Despite these benefits, protein semi-syntheisis using SspDnaE has one major drawback: the N- and C-intein fragments are 123 and 36 amino acids, respectively, and the split site is conserved in all other naturally occurring split inteins. Thus, the N-intein is beyond the scope of efficient linear peptide synthesis, and while the C-intein is accessible by solid-phase peptide synthesis, the addition of any synthetic cargo as a C-extein puts this fragment nearly out of reach as well. To address this problem, several groups revisited the notion of artificially split inteins, in search of PTS systems with at least one, short, synthetically tractable intein fragment. One particularly interesting result of these studies was the discovery that the naturally intact DnaB intein from Ssp could be split 11 residues from its N-terminus to generate a functional PTS system.[30] Unlike naturally split inteins, which all have a shorter C-intein, the split SspDnaB intein could be used to splice synthetic moities onto the N-termini of proteins.[31] Additional studies have uncovered artificially split inteins with C-fragments as short as 6 and 15 amino acids.[32, 33] Although these new split inteins resolve the issue of synthetic accessibility, they are typically used at high concentrations, presumably due to their diminished binding affinities relative to naturally occurring split inteins.[34]

The most significant advantage of PTS-based protein semi-synthesis over chemical ligation is that it can be readily applied in vivo (Figure 2c). In purified systems, reaction specificity is governed simply by the functional groups present in the molecules of interest, but in living systems, orthogonal protein chemistry becomes increasingly challenging.[35] Split inteins overcome this problem by acting as a ligation auxiliary that engenders virtually absolute specificity to the splicing reaction of interest. Indeed PTS has been used in vivo to label proteins with synthetic probes[36] and to construct a therapeutic gene product from its fragments.[37] In the later study, the authors overcame the size-limitations of adeno-associated viral vectors for gene therapy by splitting the cargo into two fragments and assembling the therapeutic target in vivo by PTS. Importantly, this work demonstrated the potential utility of split inteins as more than just a research tool.
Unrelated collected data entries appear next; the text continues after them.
(* Let $S$ be a commutative semigroup and $H$ a subsemigroup of $S$. Let $\{H_i : i\in I\}$ be a nonempty family ($I\neq\emptyset$) of subsets of $S$ such that $H=\bigcap_{i\in I}\mathrm{Sep}\,H_i$. Then the relation $$P(H;H_i,I)=\{(a,b)\in S\times S:\ H_i\dots a=H_i\dots b \text{ for all } i\in I\}$$ is a monoid congruence on $S$ such that $H$ is a congruence class and is the identity element of the factor semigroup $S/P(H;H_i,I)$. Conversely, for every monoid congruence $p$ on a commutative semigroup $S$ there exist a subsemigroup $H$ of $S$ and a nonempty family $\{H_i: i\in I\}$ of subsets of $S$ with $H=\bigcap_{i\in I}\mathrm{Sep}\,H_i$ such that $p=P(H;H_i,I)$.
   Context: For a semigroup $S$ and $A\subseteq S$, $\mathrm{Sep}\,A$ (the separator of $A$) is the set of all $x\in S$ with $xA\subseteq A$, $Ax\subseteq A$, $x(S\setminus A)\subseteq S\setminus A$ and $(S\setminus A)x\subseteq S\setminus A$. For $A\subseteq S$ and $a\in S$, $A\dots a=\{(x,y)\in S\times S:\ xay\in A\}$. A congruence $p$ on $S$ is a monoid congruence if the factor semigroup $S/p$ is a monoid (has an identity element). *)

theory Defs
  imports Main
begin

text \<open>The commutative semigroup S is the whole carrier type 'a of class ab_semigroup_mult.\<close>

definition subsemigroup :: "'a::semigroup_mult set \<Rightarrow> bool" where
  "subsemigroup H \<longleftrightarrow> H \<noteq> {} \<and> (\<forall>x\<in>H. \<forall>y\<in>H. x * y \<in> H)"

definition Sep :: "'a::semigroup_mult set \<Rightarrow> 'a set" where
  "Sep A = {x. (\<forall>a\<in>A. x * a \<in> A \<and> a * x \<in> A) \<and>
               (\<forall>a\<in>-A. x * a \<in> -A \<and> a * x \<in> -A)}"

definition dots :: "'a::semigroup_mult set \<Rightarrow> 'a \<Rightarrow> ('a \<times> 'a) set" where
  "dots A a = {(x, y). x * a * y \<in> A}"

definition congruence :: "('a::semigroup_mult \<times> 'a) set \<Rightarrow> bool" where
  "congruence p \<longleftrightarrow> equiv UNIV p \<and>
     (\<forall>a b c. (a, b) \<in> p \<longrightarrow> (c * a, c * b) \<in> p \<and> (a * c, b * c) \<in> p)"

text \<open>The factor semigroup S/p has an identity element (the class of e).\<close>
definition monoid_congruence :: "('a::semigroup_mult \<times> 'a) set \<Rightarrow> bool" where
  "monoid_congruence p \<longleftrightarrow> congruence p \<and>
     (\<exists>e. \<forall>a. (e * a, a) \<in> p \<and> (a * e, a) \<in> p)"

definition identity_class :: "('a::semigroup_mult \<times> 'a) set \<Rightarrow> 'a set \<Rightarrow> bool" where
  "identity_class p H \<longleftrightarrow> H \<in> UNIV // p \<and>
     (\<forall>h\<in>H. \<forall>a. (h * a, a) \<in> p \<and> (a * h, a) \<in> p)"

definition Prel :: "'a::semigroup_mult set \<Rightarrow> ('i \<Rightarrow> 'a set) \<Rightarrow> 'i set \<Rightarrow> ('a \<times> 'a) set" where
  "Prel H Hs I = {(a, b). \<forall>i\<in>I. dots (Hs i) a = dots (Hs i) b}"

end

theory Submission
  imports Defs
begin

(* In a commutative semigroup an element h of every separator Sep (Hs i) can be pulled out of
   any context, x * (h * a) * y = h * (x * a * y), and it neither enters nor leaves Hs i; so h * a
   is P-equivalent to a, and H is a single class acting as identity.  Conversely, an element b
   equivalent to some h0 in H separates every Hs i, since h0 * h0 * z and h0 * b * z lie in Hs i
   together.  For a monoid congruence p with identity e, take as family all classes of p and as H
   the class of e: contexts x * _ * y preserve classes, and the context e * _ * e recovers the
   class of an element itself. *)

lemma dots_eq_iff: "dots A a = dots A b \<longleftrightarrow> (\<forall>x y. x * a * y \<in> A \<longleftrightarrow> x * b * y \<in> A)"
  unfolding dots_def by (auto simp: set_eq_iff)

lemma mem_Prel_iff:
  "(a, b) \<in> Prel H Hs I \<longleftrightarrow> (\<forall>i\<in>I. \<forall>x y. x * a * y \<in> Hs i \<longleftrightarrow> x * b * y \<in> Hs i)"
  unfolding Prel_def by (simp add: dots_eq_iff)

lemma Sep_mult_left_iff: "h \<in> Sep A \<Longrightarrow> h * z \<in> A \<longleftrightarrow> z \<in> A"
  unfolding Sep_def by auto

lemma congruence_refl: "congruence p \<Longrightarrow> (a, a) \<in> p"
  unfolding congruence_def equiv_def refl_on_def by blast

lemma congruence_sym: "congruence p \<Longrightarrow> (a, b) \<in> p \<Longrightarrow> (b, a) \<in> p"
  unfolding congruence_def equiv_def sym_def by blast

lemma congruence_trans: "congruence p \<Longrightarrow> (a, b) \<in> p \<Longrightarrow> (b, c) \<in> p \<Longrightarrow> (a, c) \<in> p"
  unfolding congruence_def equiv_def trans_def by blast

lemma congruence_mult:
  assumes "congruence p" "(a, b) \<in> p" "(c, d) \<in> p"
  shows "(a * c, b * d) \<in> p"
proof -
  from assms have "(a * c, b * c) \<in> p" "(b * c, b * d) \<in> p"
    unfolding congruence_def by blast+
  with assms(1) show ?thesis
    by (rule congruence_trans)
qed

lemma congruence_class_iff:
  assumes "congruence p" "C \<in> UNIV // p" "(a, b) \<in> p"
  shows "a \<in> C \<longleftrightarrow> b \<in> C"
proof -
  have "equiv UNIV p" and "(b, a) \<in> p"
    using assms congruence_sym unfolding congruence_def by blast+
  then show ?thesis
    using assms(2,3) in_quotient_imp_closed by metis
qed

lemma congruence_Prel: "congruence (Prel H Hs I)"
proof -
  have "equiv UNIV (Prel H Hs I)"
    by (rule equivI) (auto simp: refl_on_def sym_def trans_def mem_Prel_iff)
  moreover have "(c * a, c * b) \<in> Prel H Hs I" "(a * c, b * c) \<in> Prel H Hs I"
    if "(a, b) \<in> Prel H Hs I" for a b c
  proof -
    have "x * (c * a) * y = (x * c) * a * y" "x * (a * c) * y = x * a * (c * y)" for x y
      by (simp_all add: mult.assoc)
    moreover have "x * (c * b) * y = (x * c) * b * y" "x * (b * c) * y = x * b * (c * y)" for x y
      by (simp_all add: mult.assoc)
    ultimately show "(c * a, c * b) \<in> Prel H Hs I" "(a * c, b * c) \<in> Prel H Hs I"
      using that unfolding mem_Prel_iff by metis+
  qed
  ultimately show ?thesis
    unfolding congruence_def by blast
qed

lemma Prel_mult_Sep:
  fixes h :: "'a::ab_semigroup_mult"
  assumes "h \<in> (\<Inter>i\<in>I. Sep (Hs i))"
  shows "(h * a, a) \<in> Prel H Hs I" and "(a * h, a) \<in> Prel H Hs I"
proof -
  show "(h * a, a) \<in> Prel H Hs I" for a
    unfolding mem_Prel_iff
  proof (intro ballI allI)
    fix i x y
    assume "i \<in> I"
    with assms have "h \<in> Sep (Hs i)" by blast
    moreover have "x * (h * a) * y = h * (x * a * y)" by (simp add: ac_simps)
    ultimately show "x * (h * a) * y \<in> Hs i \<longleftrightarrow> x * a * y \<in> Hs i"
      by (simp add: Sep_mult_left_iff)
  qed
  then show "(a * h, a) \<in> Prel H Hs I"
    by (simp add: mult.commute)
qed

lemma Prel_Image_Sep:
  fixes h0 :: "'a::ab_semigroup_mult"
  assumes h0: "h0 \<in> (\<Inter>i\<in>I. Sep (Hs i))"
  shows "Prel H Hs I `` {h0} = (\<Inter>i\<in>I. Sep (Hs i))"
proof
  show "(\<Inter>i\<in>I. Sep (Hs i)) \<subseteq> Prel H Hs I `` {h0}"
  proof
    fix h
    assume h: "h \<in> (\<Inter>i\<in>I. Sep (Hs i))"
    have "(h0, h0 * h) \<in> Prel H Hs I"
      by (rule congruence_sym[OF congruence_Prel Prel_mult_Sep(2)[OF h]])
    then have "(h0, h) \<in> Prel H Hs I"
      by (rule congruence_trans[OF congruence_Prel _ Prel_mult_Sep(1)[OF h0]])
    then show "h \<in> Prel H Hs I `` {h0}" by simp
  qed
  show "Prel H Hs I `` {h0} \<subseteq> (\<Inter>i\<in>I. Sep (Hs i))"
  proof (intro subsetI INT_I)
    fix b i
    assume "b \<in> Prel H Hs I `` {h0}" and i: "i \<in> I"
    then have b: "(h0, b) \<in> Prel H Hs I" by simp
    from h0 i have s: "h0 \<in> Sep (Hs i)" by blast
    have "b * z \<in> Hs i \<longleftrightarrow> z \<in> Hs i" for z
    proof -
      have "b * z \<in> Hs i \<longleftrightarrow> h0 * b * z \<in> Hs i"
        using Sep_mult_left_iff[OF s, of "b * z"] by (simp add: mult.assoc)
      also have "\<dots> \<longleftrightarrow> h0 * h0 * z \<in> Hs i"
        using b i unfolding mem_Prel_iff by blast
      also have "\<dots> \<longleftrightarrow> z \<in> Hs i"
        using Sep_mult_left_iff[OF s, of "h0 * z"] Sep_mult_left_iff[OF s, of z]
        by (simp add: mult.assoc)
      finally show ?thesis .
    qed
    then show "b \<in> Sep (Hs i)"
      unfolding Sep_def by (auto simp: mult.commute)
  qed
qed

lemma monoid_congruence_Prel:
  fixes H :: "'a::ab_semigroup_mult set"
  assumes "H = (\<Inter>i\<in>I. Sep (Hs i))" "H \<noteq> {}"
  shows "monoid_congruence (Prel H Hs I)"
proof -
  from assms obtain h0 where "h0 \<in> (\<Inter>i\<in>I. Sep (Hs i))" by blast
  then have "(h0 * a, a) \<in> Prel H Hs I \<and> (a * h0, a) \<in> Prel H Hs I" for a
    by (simp add: Prel_mult_Sep)
  with congruence_Prel show ?thesis
    unfolding monoid_congruence_def by blast
qed

lemma identity_class_Prel:
  fixes H :: "'a::ab_semigroup_mult set"
  assumes H: "H = (\<Inter>i\<in>I. Sep (Hs i))" "H \<noteq> {}"
  shows "identity_class (Prel H Hs I) H"
proof -
  from H obtain h0 where h0: "h0 \<in> (\<Inter>i\<in>I. Sep (Hs i))" by blast
  have "H \<in> UNIV // Prel H Hs I"
    using quotientI[of h0 UNIV "Prel H Hs I"] Prel_Image_Sep[OF h0] H(1) by simp
  moreover have "(h * a, a) \<in> Prel H Hs I \<and> (a * h, a) \<in> Prel H Hs I" if "h \<in> H" for h a
    using that H(1) by (simp add: Prel_mult_Sep)
  ultimately show ?thesis
    unfolding identity_class_def by blast
qed

lemma Prel_classes:
  assumes cong: "congruence p"
    and e: "\<And>a. (e * a, a) \<in> p" "\<And>a. (a * e, a) \<in> p"
  shows "Prel H id (UNIV // p) = p"
proof (intro equalityI subrelI)
  fix a b
  show "(a, b) \<in> Prel H id (UNIV // p)" if ab: "(a, b) \<in> p"
    unfolding mem_Prel_iff id_apply
  proof (intro ballI allI)
    fix C x y
    assume C: "C \<in> UNIV // p"
    have "(x * a, x * b) \<in> p"
      by (rule congruence_mult[OF cong congruence_refl[OF cong] ab])
    then have "(x * a * y, x * b * y) \<in> p"
      by (rule congruence_mult[OF cong _ congruence_refl[OF cong]])
    then show "x * a * y \<in> C \<longleftrightarrow> x * b * y \<in> C"
      by (rule congruence_class_iff[OF cong C])
  qed
  show "(a, b) \<in> p" if ab: "(a, b) \<in> Prel H id (UNIV // p)"
  proof -
    have ece: "(e * c * e, c) \<in> p" for c
      using congruence_trans[OF cong e(2) e(1)] .
    define C where "C = p `` {e * a * e}"
    have "C \<in> UNIV // p"
      unfolding C_def by (rule quotientI) simp
    then have "e * a * e \<in> C \<longleftrightarrow> e * b * e \<in> C"
      using ab by (simp add: mem_Prel_iff)
    then have "(e * a * e, e * b * e) \<in> p"
      by (simp add: C_def congruence_refl[OF cong])
    then have "(a, e * b * e) \<in> p"
      by (rule congruence_trans[OF cong congruence_sym[OF cong ece]])
    then show ?thesis
      by (rule congruence_trans[OF cong _ ece])
  qed
qed

lemma Sep_classes:
  assumes cong: "congruence p"
    and e: "\<And>a. (e * a, a) \<in> p" "\<And>a. (a * e, a) \<in> p"
  shows "(\<Inter>C\<in>UNIV // p. Sep C) = p `` {e}"
proof
  show "p `` {e} \<subseteq> (\<Inter>C\<in>UNIV // p. Sep C)"
  proof (intro subsetI INT_I)
    fix h C
    assume "h \<in> p `` {e}" and C: "C \<in> UNIV // p"
    then have "(h, e) \<in> p"
      using congruence_sym[OF cong] by blast
    then have "(h * a, e * a) \<in> p" "(a * h, a * e) \<in> p" for a
      using congruence_mult[OF cong] congruence_refl[OF cong] by blast+
    then have "(h * a, a) \<in> p" "(a * h, a) \<in> p" for a
      using e congruence_trans[OF cong] by blast+
    then have "h * a \<in> C \<longleftrightarrow> a \<in> C" "a * h \<in> C \<longleftrightarrow> a \<in> C" for a
      using congruence_class_iff[OF cong C] by blast+
    then show "h \<in> Sep C"
      unfolding Sep_def by auto
  qed
  show "(\<Inter>C\<in>UNIV // p. Sep C) \<subseteq> p `` {e}"
  proof
    fix h
    assume "h \<in> (\<Inter>C\<in>UNIV // p. Sep C)"
    then have "h \<in> Sep (p `` {e})"
      using quotientI[of e UNIV p] by blast
    moreover have "e \<in> p `` {e}"
      using congruence_refl[OF cong] by blast
    ultimately have "(e, h * e) \<in> p"
      using Sep_mult_left_iff by blast
    with e show "h \<in> p `` {e}"
      using congruence_trans[OF cong] by blast
  qed
qed

lemma subsemigroup_identity_class:
  assumes cong: "congruence p"
    and e: "\<And>a. (e * a, a) \<in> p"
  shows "subsemigroup (p `` {e})"
  unfolding subsemigroup_def
proof (intro conjI ballI)
  show "p `` {e} \<noteq> {}"
    using congruence_refl[OF cong] by blast
  fix x y
  assume "x \<in> p `` {e}" "y \<in> p `` {e}"
  then have "(e * e, x * y) \<in> p"
    using congruence_mult[OF cong] by blast
  with e show "x * y \<in> p `` {e}"
    using congruence_sym[OF cong] congruence_trans[OF cong] by blast
qed

theorem theorem3:
  shows "(\<forall>(H::'a::ab_semigroup_mult set) (Hs :: 'i \<Rightarrow> 'a set) I.
            subsemigroup H \<and> I \<noteq> {} \<and> H = (\<Inter>i\<in>I. Sep (Hs i)) \<longrightarrow>
            monoid_congruence (Prel H Hs I) \<and> identity_class (Prel H Hs I) H)
       \<and> (\<forall>p :: ('a \<times> 'a) set. monoid_congruence p \<longrightarrow>
            (\<exists>H (Hs :: 'a set \<Rightarrow> 'a set) (I :: 'a set set).
               subsemigroup H \<and> I \<noteq> {} \<and> H = (\<Inter>i\<in>I. Sep (Hs i)) \<and> p = Prel H Hs I))"
proof (rule conjI; intro allI impI)
  fix H :: "'a set" and Hs :: "'i \<Rightarrow> 'a set" and I
  assume "subsemigroup H \<and> I \<noteq> {} \<and> H = (\<Inter>i\<in>I. Sep (Hs i))"
  then have H: "H = (\<Inter>i\<in>I. Sep (Hs i))" "H \<noteq> {}"
    unfolding subsemigroup_def by auto
  show "monoid_congruence (Prel H Hs I) \<and> identity_class (Prel H Hs I) H"
    using monoid_congruence_Prel[OF H] identity_class_Prel[OF H] ..
next
  fix p :: "('a \<times> 'a) set"
  assume "monoid_congruence p"
  then obtain e where cong: "congruence p" and e: "\<And>a. (e * a, a) \<in> p" "\<And>a. (a * e, a) \<in> p"
    unfolding monoid_congruence_def by blast
  have "subsemigroup (p `` {e})"
    using subsemigroup_identity_class[OF cong e(1)] .
  moreover have "UNIV // p \<noteq> {}"
    unfolding quotient_def by blast
  moreover have "p `` {e} = (\<Inter>C\<in>UNIV // p. Sep (id C))"
    using Sep_classes[OF cong e] by simp
  moreover have "p = Prel (p `` {e}) id (UNIV // p)"
    using Prel_classes[OF cong e] by simp
  ultimately show "\<exists>H (Hs :: 'a set \<Rightarrow> 'a set) (I :: 'a set set).
      subsemigroup H \<and> I \<noteq> {} \<and> H = (\<Inter>i\<in>I. Sep (Hs i)) \<and> p = Prel H Hs I"
    by (intro exI conjI)
qed

end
Conditional protein splicing (CPS), the activation or inhibition of protein splicing in the presence of an extrinsic modulator, is perhaps the most intriguing application of split inteins (Figure 2d). CPS systems show promise as a powerful tool to manipulate protein function in vivo. While such modules have been developed with intact inteins,[38] split inteins provide an optimal platform for CPS, given that control over fragment complementation inherently implies control over protein splicing. Indeed split intein CPS systems have been engineered to be responsive to small molecules,[39, 40] light,[41-43] and proteolysis.[41] In an interesting recent study from Mootz and coworkers, an artificially split SspDnaB intein was outfitted with an uncleavable isopeptide bond bearing a peptidyl side-chain at position 1 of the N-intein and a photo-cleavable 4,5-dimethoxy-2- nitrobenzyl (DMNB) group capping the N-terminus in place of an N-extein.[44] This construct was splicing-incompetent, however upon photolysis of the DMNB moiety, it efficiently catalyzed C-extein cleavage, releasing a protein of interest with a free N-terminus. As proof of concept of this technology, the authors demonstrated that they could control a coagulation cascade in human blood plasma by photo-caging the activity of prothrombin. Importantly, this study not only showed the potential power of CPS, but it also demonstrated that PTS side reactions could be harnessed to control protein function.

III. A New Era for Protein Trans-Splicing

Despite the development of numerous technologies based on PTS, until recently, most variations of this ligation technique were limited by the properties of available split inteins. The activities of most tested split inteins, especially the naturally occurring SspDnaE intein, were shown to be strongly dependent on the identity of extein residues.[45] As a result, ligation sites in a target protein were limited to sequences similar to endogenous extein sequences or required mutation of neighboring residues. Furthermore, barring a few artificially split systems,[46] PTS is a slow process, despite its enzymatic nature. In fact, it was generally believed that protein splicing, which requires the cleavage of two peptide bonds and the formation of a third, always occurred on the time-scale of hours. For many inteins, including SspDnaE, this rate could be even slower in the presence of exogenous extein sequences and at temperatures above 30°C.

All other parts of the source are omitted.